Happy Friday, friends!
The weekend? Aw, you shouldn’t have…
A little bit of joy to kick us off here — while one Hollywood Chris certainly dominated the headlines this week, he should certainly be on Guard because the other Chrises are not slowing down. I missed this last week, but check out Chris Hemsworth crashing a live news broadcast in Australia:
No new TIFF reviews today (or NYFF, which kicked off yesterday and I am also covering), but here’s a new movie you can watch from a streaming service! It’s perhaps a little too dark to serve as the main recommendation, but if you’re looking for a sharp revision to the teen illness movie, I’d recommend Babyteeth on Hulu. (And when you’re done, check out my interview with director Shannon Murphy!)
Here’s something cool that was news to me: in a number of states, you can track the status of your absentee ballot like a package! The Washington Post breaks down how you can go about accessing this feature, provided you are voting in a place that allows for it.
Lest you doubt we’re all connected, I can confirm that I did, in fact, see the effects of smoke blowing from the West Coast all the way to NYC. (Even from my tiny window out onto the world from being cooped up inside my apartment!) As if we needed a reminder that we’re all in this together, that a problem for Americans anywhere is a problem for Americans everywhere. If you want to see some pictures — nowhere near as dramatic as Oregon or San Francisco — Time Out New York put some together along with some organizations to help firefighters and civilians alike affected by the climate crisis.
Now, what you came for…
DAY 190: One Flew Over the Cuckoo’s Nest (available on Netflix)
It would appear that, in honor of Netflix dropping their Ryan Murphy-created Ratched series today, they’ve also added *gasp* a film made before 2000: the movie that inspired the titular character, 1975’s One Flew Over the Cuckoo’s Nest. This is among the all-time greats and one of only three movies to win the top five prizes at the Oscars (Best Picture, Director, Actor, Actress and Screenplay). I had the chance to see it earlier this year in a thing called a theater, and its immense power rocked me to my core once again.
Perhaps a film about life inside a mental institution does not exactly sound like the most appetizing watch given how much time many of us have spent inside confined spaces ourselves in 2020. But One Flew Over the Cuckoo’s Nest is not claustrophobic in the slightest, nor is it a film defined by isolation or captivity. It’s a film alive with the crackling energy from Jack Nicholson’s live-wire of a performance as Randall P. McMurphy, perhaps the purest expression of his raw star power and magnetism.

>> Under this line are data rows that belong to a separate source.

lemma coprime_div_iff_multiplicity:
  fixes n d :: nat
  assumes "n > 0" "d dvd n"
  shows "coprime d (n div d) \<longleftrightarrow>
         (\<forall>p\<in>prime_factors n. multiplicity p d \<in> {0, multiplicity p n})"
proof -
  define e where "e = n div d"
  have n_eq: "n = d * e"
    using assms(2) by (simp add: e_def)
  then have "d \<noteq> 0" "e \<noteq> 0"
    using assms(1) by auto
  have multiplicity_n: "multiplicity p n = multiplicity p d + multiplicity p e" if "prime p" for p
    using that \<open>d \<noteq> 0\<close> \<open>e \<noteq> 0\<close> n_eq by (simp add: prime_elem_multiplicity_mult_distrib)
  have dvd_iff: "p dvd x \<longleftrightarrow> multiplicity p x > 0" if "prime p" "x \<noteq> 0" for p x :: nat
    using that by (simp add: prime_multiplicity_gt_zero_iff)
  show ?thesis
    unfolding e_def[symmetric]
  proof
    assume "coprime d e"
    show "\<forall>p\<in>prime_factors n. multiplicity p d \<in> {0, multiplicity p n}"
    proof
      fix p
      assume "p \<in> prime_factors n"
      then have p: "prime p"
        by auto
      have "\<not> (p dvd d \<and> p dvd e)"
        using \<open>coprime d e\<close> p coprime_common_divisor not_prime_unit by blast
      then show "multiplicity p d \<in> {0, multiplicity p n}"
        using dvd_iff[OF p \<open>d \<noteq> 0\<close>] dvd_iff[OF p \<open>e \<noteq> 0\<close>] multiplicity_n[OF p] by auto
    qed
  next
    assume exponents: "\<forall>p\<in>prime_factors n. multiplicity p d \<in> {0, multiplicity p n}"
    show "coprime d e"
    proof (rule ccontr)
      assume "\<not> coprime d e"
      then obtain p where p: "prime p" "p dvd gcd d e"
        using prime_factor_nat coprime_iff_gcd_eq_1 by blast
      then have "p dvd d" "p dvd e"
        by auto
      then have "p \<in> prime_factors n"
        using p(1) assms(1) n_eq by (intro prime_factorsI) simp_all
      then have "multiplicity p d \<in> {0, multiplicity p d + multiplicity p e}"
        using exponents multiplicity_n[OF p(1)] by metis
      moreover have "multiplicity p d > 0" "multiplicity p e > 0"
        using dvd_iff[OF p(1) \<open>d \<noteq> 0\<close>] dvd_iff[OF p(1) \<open>e \<noteq> 0\<close>] \<open>p dvd d\<close> \<open>p dvd e\<close>
        by simp_all
      ultimately show False
        by auto
    qed
  qed
qed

He’s not actually insane — at least, not when he arrives — but is still capable of bringing the crazy as he attempts to avoid doing hard labor in prison.
Yet his radical streak, emblematic of the ‘60s counterculture in which the film is steeped, butts heads sharply with the ward’s head nurse, Mildred Ratched (Louise Fletcher). Her stern, chilly performance is the stuff of nightmares … but just delicately pitched enough that I suppose Ryan Murphy felt he could reclaim the character for feminism. Director Miloš Forman, a Czech ex-pat, found in Nurse Ratched the embodiment of the totalitarian regime he fled in his communist homeland. It’s by no means the first or the last instance of an unstoppable force meeting an immovable object, but it’s certainly among the most memorable committed to cinema.
McMurphy inspires the men around him with the hope of rebellion in the face of Ratched’s tyrannical rule. Further, he helps them realize the ways in which the institution has warped their minds to accept a diminished sense of self. But little does he know that what keeps them under Ratched’s watchful eye is quite different that the forces binding him there, and that makes all the difference as he learns the upper bounds of resistance that authority will allow.
The system might eat some people alive. But that very act of disruption might set others free. As bittersweet a triumph as that might represent in One Flew Over the Cuckoo’s Nest, it is still a triumph nonetheless. This painful progress of negotiating the limits of control and fighting for autonomy over our minds and bodies is part of the American experience. Here, it’s rendered in all its glories and pains.